### Task brief
With nothing left out, give the data back exactly.

[Stored data]
lemma lorentzian_mult_antiderivative:
  fixes a b :: real
  assumes "a > 0" and "b > 0"
  obtains F where "\<And>l. DERIV F l :> lorentzian a l * lorentzian b l"
    and "(F \<longlongrightarrow> - (pi / (2 * (a + b)))) at_bot" and "(F \<longlongrightarrow> pi / (2 * (a + b))) at_top"
proof (cases "a = b")
  case True
  let ?F = "\<lambda>l. (arctan (l / a) + a * l / (l\<^sup>2 + a\<^sup>2)) / (2 * a)"
  have "(?F \<longlongrightarrow> (- (pi / 2) + 0) / (2 * a)) at_bot"
    using assms by (intro tendsto_intros tendsto_arctan_divide_at_bot; (real_asymp | simp))
  moreover have "(?F \<longlongrightarrow> (pi / 2 + 0) / (2 * a)) at_top"
    using assms by (intro tendsto_intros tendsto_arctan_divide_at_top; (real_asymp | simp))
  ultimately show ?thesis
    using that[of ?F] True DERIV_primitive_lorentzian_square[OF assms(1)] by simp
next
  case False
  let ?F = "\<lambda>l. (b * arctan (l / a) - a * arctan (l / b)) / (b\<^sup>2 - a\<^sup>2)"
  have "b\<^sup>2 - a\<^sup>2 \<noteq> 0"
    using \<open>a \<noteq> b\<close> assms by (simp add: power2_eq_iff_nonneg)
  have "(?F \<longlongrightarrow> (b * - (pi / 2) - a * - (pi / 2)) / (b\<^sup>2 - a\<^sup>2)) at_bot"
    using assms \<open>b\<^sup>2 - a\<^sup>2 \<noteq> 0\<close> by (intro tendsto_intros tendsto_arctan_divide_at_bot)
  also have "(b * - (pi / 2) - a * - (pi / 2)) / (b\<^sup>2 - a\<^sup>2) = - (pi / (2 * (a + b)))"
    using \<open>b\<^sup>2 - a\<^sup>2 \<noteq> 0\<close> assms by (simp add: field_simps power2_eq_square)
  finally have bot: "(?F \<longlongrightarrow> - (pi / (2 * (a + b)))) at_bot" .
  have "(?F \<longlongrightarrow> (b * (pi / 2) - a * (pi / 2)) / (b\<^sup>2 - a\<^sup>2)) at_top"
    using assms \<open>b\<^sup>2 - a\<^sup>2 \<noteq> 0\<close> by (intro tendsto_intros tendsto_arctan_divide_at_top)
  also have "(b * (pi / 2) - a * (pi / 2)) / (b\<^sup>2 - a\<^sup>2) = pi / (2 * (a + b))"
    using \<open>b\<^sup>2 - a\<^sup>2 \<noteq> 0\<close> assms by (simp add: field_simps power2_eq_square)
  finally have top: "(?F \<longlongrightarrow> pi / (2 * (a + b))) at_top" .
  show ?thesis
    using that[OF DERIV_primitive_lorentzian_mult[OF assms \<open>b\<^sup>2 - a\<^sup>2 \<noteq> 0\<close>] bot top] .
qed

### The answer
lemma lorentzian_mult_antiderivative:
  fixes a b :: real
  assumes "a > 0" and "b > 0"
  obtains F where "\<And>l. DERIV F l :> lorentzian a l * lorentzian b l"
    and "(F \<longlongrightarrow> - (pi / (2 * (a + b)))) at_bot" and "(F \<longlongrightarrow> pi / (2 * (a + b))) at_top"
proof (cases "a = b")
  case True
  let ?F = "\<lambda>l. (arctan (l / a) + a * l / (l\<^sup>2 + a\<^sup>2)) / (2 * a)"
  have "(?F \<longlongrightarrow> (- (pi / 2) + 0) / (2 * a)) at_bot"
    using assms by (intro tendsto_intros tendsto_arctan_divide_at_bot; (real_asymp | simp))
  moreover have "(?F \<longlongrightarrow> (pi / 2 + 0) / (2 * a)) at_top"
    using assms by (intro tendsto_intros tendsto_arctan_divide_at_top; (real_asymp | simp))
  ultimately show ?thesis
    using that[of ?F] True DERIV_primitive_lorentzian_square[OF assms(1)] by simp
next
  case False
  let ?F = "\<lambda>l. (b * arctan (l / a) - a * arctan (l / b)) / (b\<^sup>2 - a\<^sup>2)"
  have "b\<^sup>2 - a\<^sup>2 \<noteq> 0"
    using \<open>a \<noteq> b\<close> assms by (simp add: power2_eq_iff_nonneg)
  have "(?F \<longlongrightarrow> (b * - (pi / 2) - a * - (pi / 2)) / (b\<^sup>2 - a\<^sup>2)) at_bot"
    using assms \<open>b\<^sup>2 - a\<^sup>2 \<noteq> 0\<close> by (intro tendsto_intros tendsto_arctan_divide_at_bot)
  also have "(b * - (pi / 2) - a * - (pi / 2)) / (b\<^sup>2 - a\<^sup>2) = - (pi / (2 * (a + b)))"
    using \<open>b\<^sup>2 - a\<^sup>2 \<noteq> 0\<close> assms by (simp add: field_simps power2_eq_square)
  finally have bot: "(?F \<longlongrightarrow> - (pi / (2 * (a + b)))) at_bot" .
  have "(?F \<longlongrightarrow> (b * (pi / 2) - a * (pi / 2)) / (b\<^sup>2 - a\<^sup>2)) at_top"
    using assms \<open>b\<^sup>2 - a\<^sup>2 \<noteq> 0\<close> by (intro tendsto_intros tendsto_arctan_divide_at_top)
  also have "(b * (pi / 2) - a * (pi / 2)) / (b\<^sup>2 - a\<^sup>2) = pi / (2 * (a + b))"
    using \<open>b\<^sup>2 - a\<^sup>2 \<noteq> 0\<close> assms by (simp add: field_simps power2_eq_square)
  finally have top: "(?F \<longlongrightarrow> pi / (2 * (a + b))) at_top" .
  show ?thesis
    using that[OF DERIV_primitive_lorentzian_mult[OF assms \<open>b\<^sup>2 - a\<^sup>2 \<noteq> 0\<close>] bot top] .
qed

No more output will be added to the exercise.